This thread has been locked.

If you have a related question, please click the "Ask a related question" button in the top right corner. The newly created question will be automatically linked to this question.

AM3354: sd card boot fail at some custom boards

Part Number: AM3354

Dear Champs,

My customer assembled 200 custom boards, and found boot fail issue in 20 boards of these 200 boards using SD card boot.

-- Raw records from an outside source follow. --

lemma nldeF_lipschitz: "(4 * nlde_lip_const m \<alpha> \<beta> R)-lipschitz_on (cball 0 R) (nldeF m \<alpha> \<beta>)"
proof (rule lipschitz_onI)
  fix p q :: "complex \<times> complex" assume "p \<in> cball 0 R" "q \<in> cball 0 R"
  moreover obtain x y x' y' where pq: "p = (x, y)" "q = (x', y')" by force
  ultimately have bounds: "cmod x \<le> R" "cmod y \<le> R" "cmod x' \<le> R" "cmod y' \<le> R"
    using norm_fst_le[of x y] norm_snd_le[of y x] norm_fst_le[of x' y'] norm_snd_le[of y' x'] by auto
  have diffs: "cmod (x - x') \<le> dist p q" "cmod (y - y') \<le> dist p q"
    using norm_fst_le[of "x - x'" "y - y'"] norm_snd_le[of "y - y'" "x - x'"] by (auto simp: pq dist_norm)
  have "dist (nldeF m \<alpha> \<beta> p) (nldeF m \<alpha> \<beta> q)
      \<le> cmod (nldeF_component m \<alpha> \<beta> x y - nldeF_component m \<alpha> \<beta> x' y')
        + cmod (nldeF_component m \<alpha> \<beta> y x - nldeF_component m \<alpha> \<beta> y' x')"
    by (simp add: pq nldeF_Pair dist_norm norm_Pair_le)
  also have "\<dots> \<le> nlde_lip_const m \<alpha> \<beta> R * (cmod (x - x') + cmod (y - y'))
                  + nlde_lip_const m \<alpha> \<beta> R * (cmod (y - y') + cmod (x - x'))"
    by (intro add_mono nldeF_component_lipschitz bounds)
  also have "\<dots> \<le> nlde_lip_const m \<alpha> \<beta> R * (2 * dist p q) + nlde_lip_const m \<alpha> \<beta> R * (2 * dist p q)"
    using diffs by (intro add_mono mult_left_mono nlde_lip_const_nonneg) auto
  finally show "dist (nldeF m \<alpha> \<beta> p) (nldeF m \<alpha> \<beta> q) \<le> 4 * nlde_lip_const m \<alpha> \<beta> R * dist p q"
    by (simp add: algebra_simps)
qed (simp add: nlde_lip_const_nonneg)

section \<open>The flow of (N)\<close>

definition ode_solution :: "('a::real_normed_vector \<Rightarrow> 'a) \<Rightarrow> real \<Rightarrow> 'a \<Rightarrow> (real \<Rightarrow> 'a) \<Rightarrow> bool" where
  "ode_solution f S p y \<longleftrightarrow>
     y 0 = p \<and> (\<forall>t\<in>{0..S}. (y has_vector_derivative f (y t)) (at t within {0..S}))"

lemma ode_solution_restrict:
  assumes "ode_solution f S p y" "S' \<le> S"
  shows "ode_solution f S' p y"
  using assms unfolding ode_solution_def
  by (force intro: has_vector_derivative_within_subset[where S = "{0..S}" and T = "{0..S'}"])

lemma has_real_derivative_nonpos_imp_le:
  fixes g :: "real \<Rightarrow> real"
  assumes "\<And>r. r \<in> {0..S} \<Longrightarrow> (g has_real_derivative g' r) (at r within {0..S})"
    and "\<And>r. r \<in> {0..S} \<Longrightarrow> g' r \<le> 0" and t: "t \<in> {0..S}"
  shows "g t \<le> g 0"
proof -
  have "\<exists>x\<in>{0..t}. g t - g 0 = g' x * (t - 0)"
  proof (rule mvt_very_simple)
    fix x assume "0 \<le> x" "x \<le> t"
    then have "(g has_real_derivative g' x) (at x within {0..t})"
      using assms(1)[of x] t by (auto intro: DERIV_subset)
    then show "(g has_derivative (\<lambda>h. g' x * h)) (at x within {0..t})"
      by (simp add: has_field_derivative_def)
  qed (use t in simp)
  then obtain x where x: "x \<in> {0..t}" "g t - g 0 = g' x * t" by auto
  have "g' x * t \<le> 0" using assms(2)[of x] x t by (intro mult_nonpos_nonneg) auto
  then show ?thesis using x by simp
qed

lemma gronwall_linear:
  fixes \<phi> :: "real \<Rightarrow> real"
  assumes "0 \<le> k" "0 \<le> c"
    and d: "\<And>r. r \<in> {0..S} \<Longrightarrow> (\<phi> has_real_derivative \<phi>' r) (at r within {0..S})"
    and le: "\<And>r. r \<in> {0..S} \<Longrightarrow> \<phi>' r \<le> k * \<phi> r + c" and t: "t \<in> {0..S}"
  shows "\<phi> t \<le> exp (k * t) * (\<phi> 0 + c * t)"
proof -
  define g where "g r = exp (- k * r) * \<phi> r - c * r" for r
  have "g t \<le> g 0"
  proof (rule has_real_derivative_nonpos_imp_le[OF _ _ t])
    fix r assume r: "r \<in> {0..S}"
    show "(g has_real_derivative (exp (- k * r) * (\<phi>' r - k * \<phi> r) - c)) (at r within {0..S})"
      unfolding g_def using d[OF r] by (auto intro!: derivative_eq_intros simp: algebra_simps)
    have "exp (- k * r) \<le> 1" using assms(1) r by simp
    moreover have "\<phi>' r - k * \<phi> r \<le> c" using le[OF r] by simp
    ultimately have "exp (- k * r) * (\<phi>' r - k * \<phi> r) \<le> c"
      using assms(2) by (smt (verit) exp_gt_zero mult_left_mono mult_left_le_one_le)
    then show "exp (- k * r) * (\<phi>' r - k * \<phi> r) - c \<le> 0" by simp
  qed
  then have "exp (- k * t) * \<phi> t \<le> \<phi> 0 + c * t" by (simp add: g_def)
  then have "exp (k * t) * (exp (- k * t) * \<phi> t) \<le> exp (k * t) * (\<phi> 0 + c * t)"
    by (rule mult_left_mono) simp
  then show ?thesis by (simp add: exp_minus field_simps)
qed

lemma has_real_derivative_norm_power2:
  fixes y :: "real \<Rightarrow> 'a::real_inner"
  assumes "(y has_vector_derivative D) (at t within s)"
  shows "((\<lambda>r. (norm (y r))\<^sup>2) has_real_derivative 2 * inner (y t) D) (at t within s)"
  using has_derivative_inner[OF assms[unfolded has_vector_derivative_def] assms[unfolded has_vector_derivative_def]]
  unfolding has_field_derivative_def power2_norm_eq_inner
  by (rule has_derivative_eq_rhs) (auto simp: fun_eq_iff inner_commute algebra_simps)

lemma has_real_derivative_cmod_power2:
  fixes y :: "real \<Rightarrow> complex"
  assumes "(y has_vector_derivative D) (at t within s)"
  shows "((\<lambda>r. (cmod (y r))\<^sup>2) has_real_derivative 2 * Re (cnj (y t) * D)) (at t within s)"
  using has_real_derivative_norm_power2[OF assms] by (simp add: inner_complex_eq_Re_cnj)

lemma ode_solution_norm_eq:
  assumes cons: "\<And>q. inner q (f q) = 0" and y: "ode_solution f S p y" and t: "t \<in> {0..S}"
  shows "norm (y t) = norm p"
proof -
  have "((\<lambda>r. (norm (y r))\<^sup>2) has_real_derivative 0) (at r within {0..S})" if "r \<in> {0..S}" for r
    using has_real_derivative_norm_power2[of y "f (y r)" r "{0..S}"] y that
    by (simp add: ode_solution_def cons)
  then obtain c where "\<And>r. r \<in> {0..S} \<Longrightarrow> (norm (y r))\<^sup>2 = c"
    using has_field_derivative_zero_constant[of "{0..S}" "\<lambda>r. (norm (y r))\<^sup>2"] by auto
  then have "(norm (y t))\<^sup>2 = (norm (y 0))\<^sup>2" using t by auto
  then show ?thesis using y by (simp add: ode_solution_def power2_eq_iff_nonneg)
qed

lemma ode_solution_unique:
  fixes f :: "'a::real_inner \<Rightarrow> 'a"
  assumes lip: "K-lipschitz_on (cball 0 R) f"
    and y: "ode_solution f S p y" and z: "ode_solution f S p z"
    and y_bounded: "\<And>t. t \<in> {0..S} \<Longrightarrow> norm (y t) \<le> R"
    and z_bounded: "\<And>t. t \<in> {0..S} \<Longrightarrow> norm (z t) \<le> R"
    and t: "t \<in> {0..S}"
  shows "y t = z t"
proof -
  define w where "w r = y r - z r" for r
  have "(norm (w t))\<^sup>2 \<le> exp ((2 * K) * t) * ((norm (w 0))\<^sup>2 + 0 * t)"
  proof (rule gronwall_linear[OF _ _ _ _ t])
    fix r assume r: "r \<in> {0..S}"
    have "(w has_vector_derivative f (y r) - f (z r)) (at r within {0..S})"
      unfolding w_def using y z r by (auto simp: ode_solution_def intro!: derivative_eq_intros)
    then show "((\<lambda>r. (norm (w r))\<^sup>2) has_real_derivative 2 * inner (w r) (f (y r) - f (z r))) (at r within {0..S})"
      by (rule has_real_derivative_norm_power2)
    have "inner (w r) (f (y r) - f (z r)) \<le> norm (w r) * norm (f (y r) - f (z r))"
      by (rule norm_cauchy_schwarz)
    also have "\<dots> \<le> norm (w r) * (K * norm (w r))"
      unfolding w_def using y_bounded[OF r] z_bounded[OF r]
      by (intro mult_left_mono lipschitz_on_normD[OF lip]) auto
    finally show "2 * inner (w r) (f (y r) - f (z r)) \<le> 2 * K * (norm (w r))\<^sup>2 + 0"
      by (simp add: power2_eq_square algebra_simps)
  qed (use lipschitz_on_nonneg[OF lip] in auto)
  then show ?thesis using y z by (simp add: w_def ode_solution_def)
qed

primrec picard_iterate :: "('a::banach \<Rightarrow> 'a) \<Rightarrow> 'a \<Rightarrow> nat \<Rightarrow> real \<Rightarrow> 'a" where
  "picard_iterate G p 0 = (\<lambda>t. p)"
| "picard_iterate G p (Suc k) = (\<lambda>t. p + integral {0..t} (\<lambda>r. G (picard_iterate G p k r)))"

lemma continuous_on_picard_iterate:
  assumes "continuous_on UNIV G"
  shows "continuous_on {0..S} (picard_iterate G p k)"
proof (induction k)
  case (Suc k)
  have "continuous_on {0..S} (\<lambda>r. G (picard_iterate G p k r))"
    by (rule continuous_on_compose2[OF assms Suc]) auto
  then have "continuous_on {0..S} (\<lambda>t. integral {0..t} (\<lambda>r. G (picard_iterate G p k r)))"
    by (intro indefinite_integral_continuous_1 integrable_continuous_interval)
  then show ?case by (auto intro: continuous_on_add)
qed simp

lemma integral_power_from_0:
  assumes "0 \<le> t"
  shows "integral {0..t} (\<lambda>r::real. r ^ n) = t ^ Suc n / Suc n"
proof -
  have "((\<lambda>r. r ^ Suc n / Suc n) has_real_derivative r ^ n) (at r within {0..t})" for r :: real
    by (intro derivative_eq_intros) (auto simp: field_simps simp del: of_nat_Suc)
  then have "((\<lambda>r::real. r ^ n) has_integral t ^ Suc n / Suc n - 0 ^ Suc n / Suc n) {0..t}"
    by (intro fundamental_theorem_of_calculus assms) (simp add: has_real_derivative_iff_has_vector_derivative)
  then show ?thesis by (simp add: integral_unique)
qed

But, all these 20 failed boards can boot well with emmc boot mode, and there was no issue in accessing SD card after emmc boot.

The SD card they used is 16GB SanDisk Ultra.

The following is the output when I run dss script and boot fail was occurred with SD card boot mode.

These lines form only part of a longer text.